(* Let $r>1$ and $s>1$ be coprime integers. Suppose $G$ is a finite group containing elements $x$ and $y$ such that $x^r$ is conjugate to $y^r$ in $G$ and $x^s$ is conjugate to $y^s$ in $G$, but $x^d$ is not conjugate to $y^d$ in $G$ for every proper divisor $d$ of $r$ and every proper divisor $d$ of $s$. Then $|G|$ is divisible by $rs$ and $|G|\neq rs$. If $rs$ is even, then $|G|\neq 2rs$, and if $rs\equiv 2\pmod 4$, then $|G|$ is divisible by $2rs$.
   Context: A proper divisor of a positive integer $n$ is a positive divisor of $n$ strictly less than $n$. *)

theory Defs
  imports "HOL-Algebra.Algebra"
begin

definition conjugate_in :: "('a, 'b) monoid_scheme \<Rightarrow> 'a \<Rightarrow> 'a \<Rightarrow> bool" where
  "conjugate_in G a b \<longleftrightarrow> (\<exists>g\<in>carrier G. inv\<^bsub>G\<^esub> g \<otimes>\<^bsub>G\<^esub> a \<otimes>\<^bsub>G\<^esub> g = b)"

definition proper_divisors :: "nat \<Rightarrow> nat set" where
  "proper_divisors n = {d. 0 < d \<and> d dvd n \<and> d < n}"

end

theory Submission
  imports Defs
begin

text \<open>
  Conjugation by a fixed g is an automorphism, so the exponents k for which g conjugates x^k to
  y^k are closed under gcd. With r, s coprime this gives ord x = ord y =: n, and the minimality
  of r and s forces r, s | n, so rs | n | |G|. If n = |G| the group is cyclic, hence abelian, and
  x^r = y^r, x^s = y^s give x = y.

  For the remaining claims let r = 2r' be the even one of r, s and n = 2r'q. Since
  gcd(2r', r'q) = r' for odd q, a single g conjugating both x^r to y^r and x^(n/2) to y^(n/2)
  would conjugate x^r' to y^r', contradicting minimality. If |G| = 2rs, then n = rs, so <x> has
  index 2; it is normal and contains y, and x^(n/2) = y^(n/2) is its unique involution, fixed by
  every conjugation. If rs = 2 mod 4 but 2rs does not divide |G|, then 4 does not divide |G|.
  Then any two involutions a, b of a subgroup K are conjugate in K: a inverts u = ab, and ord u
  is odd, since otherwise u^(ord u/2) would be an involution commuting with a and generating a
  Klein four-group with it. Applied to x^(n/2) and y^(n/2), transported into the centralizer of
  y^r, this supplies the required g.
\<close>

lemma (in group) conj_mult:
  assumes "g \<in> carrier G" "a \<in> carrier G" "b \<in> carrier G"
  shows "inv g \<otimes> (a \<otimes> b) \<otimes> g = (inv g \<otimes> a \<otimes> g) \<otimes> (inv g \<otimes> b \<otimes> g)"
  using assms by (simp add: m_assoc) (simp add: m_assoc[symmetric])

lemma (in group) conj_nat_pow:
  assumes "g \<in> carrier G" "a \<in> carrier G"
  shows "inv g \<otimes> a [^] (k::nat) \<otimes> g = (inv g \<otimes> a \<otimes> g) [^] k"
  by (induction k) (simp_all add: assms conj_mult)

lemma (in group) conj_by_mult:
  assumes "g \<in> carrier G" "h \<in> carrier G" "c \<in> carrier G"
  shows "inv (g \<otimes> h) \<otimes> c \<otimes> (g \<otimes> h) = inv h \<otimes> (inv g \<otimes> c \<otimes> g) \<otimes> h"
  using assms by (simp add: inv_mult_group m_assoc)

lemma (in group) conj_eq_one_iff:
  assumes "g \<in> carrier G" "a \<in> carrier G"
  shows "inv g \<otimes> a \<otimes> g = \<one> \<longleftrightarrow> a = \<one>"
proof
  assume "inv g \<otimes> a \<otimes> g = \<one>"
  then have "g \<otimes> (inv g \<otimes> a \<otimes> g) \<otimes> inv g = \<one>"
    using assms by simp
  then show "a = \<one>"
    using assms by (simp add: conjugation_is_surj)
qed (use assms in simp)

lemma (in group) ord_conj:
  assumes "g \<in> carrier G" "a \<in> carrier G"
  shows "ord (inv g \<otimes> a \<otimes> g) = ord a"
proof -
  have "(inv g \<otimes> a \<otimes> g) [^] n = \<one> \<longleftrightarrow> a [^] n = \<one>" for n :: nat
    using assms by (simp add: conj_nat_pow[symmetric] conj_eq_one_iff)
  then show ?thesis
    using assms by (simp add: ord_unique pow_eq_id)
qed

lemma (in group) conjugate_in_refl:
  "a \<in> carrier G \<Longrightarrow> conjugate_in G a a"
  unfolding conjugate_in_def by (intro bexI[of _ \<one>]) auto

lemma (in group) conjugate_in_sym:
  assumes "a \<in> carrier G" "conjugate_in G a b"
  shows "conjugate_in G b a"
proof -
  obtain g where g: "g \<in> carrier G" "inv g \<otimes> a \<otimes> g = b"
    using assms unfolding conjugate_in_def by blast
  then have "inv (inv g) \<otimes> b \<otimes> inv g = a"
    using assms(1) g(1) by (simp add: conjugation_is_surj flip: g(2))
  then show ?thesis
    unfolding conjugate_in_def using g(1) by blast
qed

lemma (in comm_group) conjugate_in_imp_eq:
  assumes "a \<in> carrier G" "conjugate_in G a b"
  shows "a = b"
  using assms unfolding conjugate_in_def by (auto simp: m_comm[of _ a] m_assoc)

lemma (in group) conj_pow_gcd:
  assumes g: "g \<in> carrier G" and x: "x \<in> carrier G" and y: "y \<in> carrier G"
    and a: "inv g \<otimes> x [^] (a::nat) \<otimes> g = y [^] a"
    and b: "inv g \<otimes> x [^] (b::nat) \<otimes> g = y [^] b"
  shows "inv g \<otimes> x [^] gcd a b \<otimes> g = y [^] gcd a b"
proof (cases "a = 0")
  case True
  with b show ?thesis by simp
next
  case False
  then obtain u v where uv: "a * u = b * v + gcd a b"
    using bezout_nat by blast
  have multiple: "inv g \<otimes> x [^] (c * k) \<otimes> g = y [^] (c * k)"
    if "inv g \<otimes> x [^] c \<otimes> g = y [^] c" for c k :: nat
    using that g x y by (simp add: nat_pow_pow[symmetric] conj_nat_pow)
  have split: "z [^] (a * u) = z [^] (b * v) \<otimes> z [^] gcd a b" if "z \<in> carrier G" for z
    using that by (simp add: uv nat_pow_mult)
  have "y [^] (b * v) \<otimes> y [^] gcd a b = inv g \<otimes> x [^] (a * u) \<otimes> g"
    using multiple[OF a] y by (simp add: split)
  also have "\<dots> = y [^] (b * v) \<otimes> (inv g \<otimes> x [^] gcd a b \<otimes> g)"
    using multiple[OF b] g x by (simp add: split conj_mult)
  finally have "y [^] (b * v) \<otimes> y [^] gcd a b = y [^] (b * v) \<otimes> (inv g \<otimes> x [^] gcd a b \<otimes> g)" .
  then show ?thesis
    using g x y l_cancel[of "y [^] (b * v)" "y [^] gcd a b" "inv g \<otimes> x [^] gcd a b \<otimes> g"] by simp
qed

▸ **WORK ITEM**:
Word search in the records above: please count the lines holding "unfolding" and state the count alone.

▸ **ANSWER BELOW**:
4